Improvement of Noise-Robust Single-Channel Voice Activity Detection with Spatial Pre-processing

Introduction

The paper "Improvement of Noise-Robust Single-Channel Voice Activity Detection with Spatial Pre-processing" (2104.05481) addresses the persistent issue of voice activity detection (VAD) in environments with significant noise interference. Despite the advances in multi-channel VAD (MVAD) methods, which leverage spatial cues such as ITD, ILD, and IPD for enhanced noise robustness, single-channel VAD (SVAD) methods remain prevalent due to their foundational development and lower complexity. This study aims to augment SVAD performance using spatial pre-processing techniques, specifically beamforming and a spatial target speaker detector, to refine VAD decision-making.

Methodology

The authors introduce two spatial pre-processing techniques: a beamforming method and a spatial target speaker detector. The spatial target speaker detector filters signal frames based on a predefined target direction, effectively nullifying irrelevant directional signals. This process involves discerning the ITD through dual microphone input, establishing a field of view (FOV) that identifies potential target speaker directions. The detector can be employed either to filter the input to SVAD algorithms (denoted as F-SVAD) or as a spatial VAD that contributes to the final SVAD decision through a logical AND operation (denoted as A-SVAD).

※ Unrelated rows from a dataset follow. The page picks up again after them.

(* Let $G=(S,T,\pi)$ be a countable two-person win-lose game such that the family $\mathcal{B}^2_{\downarrow}(G)$ is ascending-union closed. Then for every $\mathbf{p}\in\Delta(S)$ the infimum $\inf_{\mathbf{q}\in\Delta(T)}\pi^{\mathrm{mix}}(\mathbf{p},\mathbf{q})$ is attained, the infimum $\inf_{\mathbf{q}\in\Delta(T)}\sup_{\mathbf{p}\in\Delta(S)}\pi^{\mathrm{mix}}(\mathbf{p},\mathbf{q})$ is attained, and $$\sup_{\mathbf{p}\in\Delta(S)}\min_{\mathbf{q}\in\Delta(T)}\pi^{\mathrm{mix}}(\mathbf{p},\mathbf{q})=\min_{\mathbf{q}\in\Delta(T)}\sup_{\mathbf{p}\in\Delta(S)}\pi^{\mathrm{mix}}(\mathbf{p},\mathbf{q}).$$
   Context: A two-person win-lose game is a triple $G=(S,T,\pi)$ where $S,T$ are non-empty sets and $\pi:S\times T\to\{0,1\}$. It is countable if $|S|=|T|=\aleph_0$. For a set $X$, $\Delta(X)$ denotes the set of probability distributions on $X$ with at most countable support. For $\mathbf{p}\in\Delta(S)$, $\mathbf{q}\in\Delta(T)$, $\pi^{\mathrm{mix}}(\mathbf{p},\mathbf{q})=\sum_{s,t}p_sq_t\pi(s,t)$. For $t\in T$ let $B_t=\{s\in S:\pi(s,t)=0\}$, let $\mathcal{B}^2(G)=\{B_t:t\in T\}$, and $\mathcal{B}^2_{\downarrow}(G)=\{A\subseteq S:\exists t\in T,\ A\subseteq B_t\}$. A family $\mathcal{F}$ of sets is ascending-union closed if whenever $A_i\in\mathcal{F}$ for $i=1,2,\ldots$ and $A_1\subset A_2\subset\cdots$, then $\bigcup_{i=1}^\infty A_i\in\mathcal{F}$. *)

theory Defs
  imports "HOL-Probability.Probability"
begin

text \<open>Mixed strategies on X: probability distributions supported in X
  (pmfs always have countable support).\<close>
definition Delta :: "'a set \<Rightarrow> 'a pmf set" where
  "Delta X = {p. set_pmf p \<subseteq> X}"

The beamforming technique complements SVAD by performing spatial filtering to enhance signals from the target direction. A delay-and-sum (DS) beamformer is utilized, albeit the discussion suggests that alternative beamformers could offer improved performance. The integration of beamforming with the proposed spatial detector creates the FB-SVAD and AB-SVAD configurations, reinforcing the single-channel signal processing pipeline with spatial filtering methodologies.

Evaluation

The paper’s evaluation framework involves simulations in controlled acoustic environments with simulated reverberations and noise interferences. Utilizing the Aurora 2 database for clean speech and simulations of reverberant environments using ISM, the authors tested the performance of SVAD algorithms, specifically Tan et al.'s rVAD, the ITU-T G.729B, and the statistical model-based VAD by Sohn et al. These evaluations contrasted SVAD algorithms with their pre-processed counterparts and an FS-NDPSD baseline MVAD algorithm. Signal-to-noise ratios (SNRs) were varied across -5 dB, 0 dB, 10 dB, and 20 dB, examining the effect of spatial pre-processing across diverse noise conditions.

Results

Experimental results demonstrated significant improvements in SVAD performance with the introduction of spatial pre-processing. Numerical analyses showcased that under low SNR conditions (-5 dB and 0 dB), SVAD with pre-processing typically outperformed the FS-NDPSD baseline MVAD. The spatial detector alone often yielded substantial improvements over unprocessed SVAD, and combining beamforming with spatial detection provided the most effective noise mitigation, consistently achieving superior AUC metrics.

Discussion

The study's findings affirm the value of spatial pre-processing methods in enhancing SVAD algorithms. Particularly in challenging noise environments where MVAD setups might traditionally be favored, these spatial enhancements facilitate robust, single-channel solutions. Future work could explore further optimization of pre-processing parameters and the employment of advanced beamformer algorithms to achieve even greater improvements.

Conclusion

The research highlights the untapped potential of spatial pre-processing techniques to fortify SVAD algorithms against adverse acoustic conditions. By exploiting spatial cues, the proposed enhancements yield SVAD solutions that can rival or even surpass MVAD capabilities in certain environments, thus broadening the scope for SVAD applicability despite lower complexity and resource requirements. The study's methodologies and conclusions pave the way for future explorations in refining VAD systems, offering promising avenues for both theoretical developments and practical implementations in audio processing across varied contexts.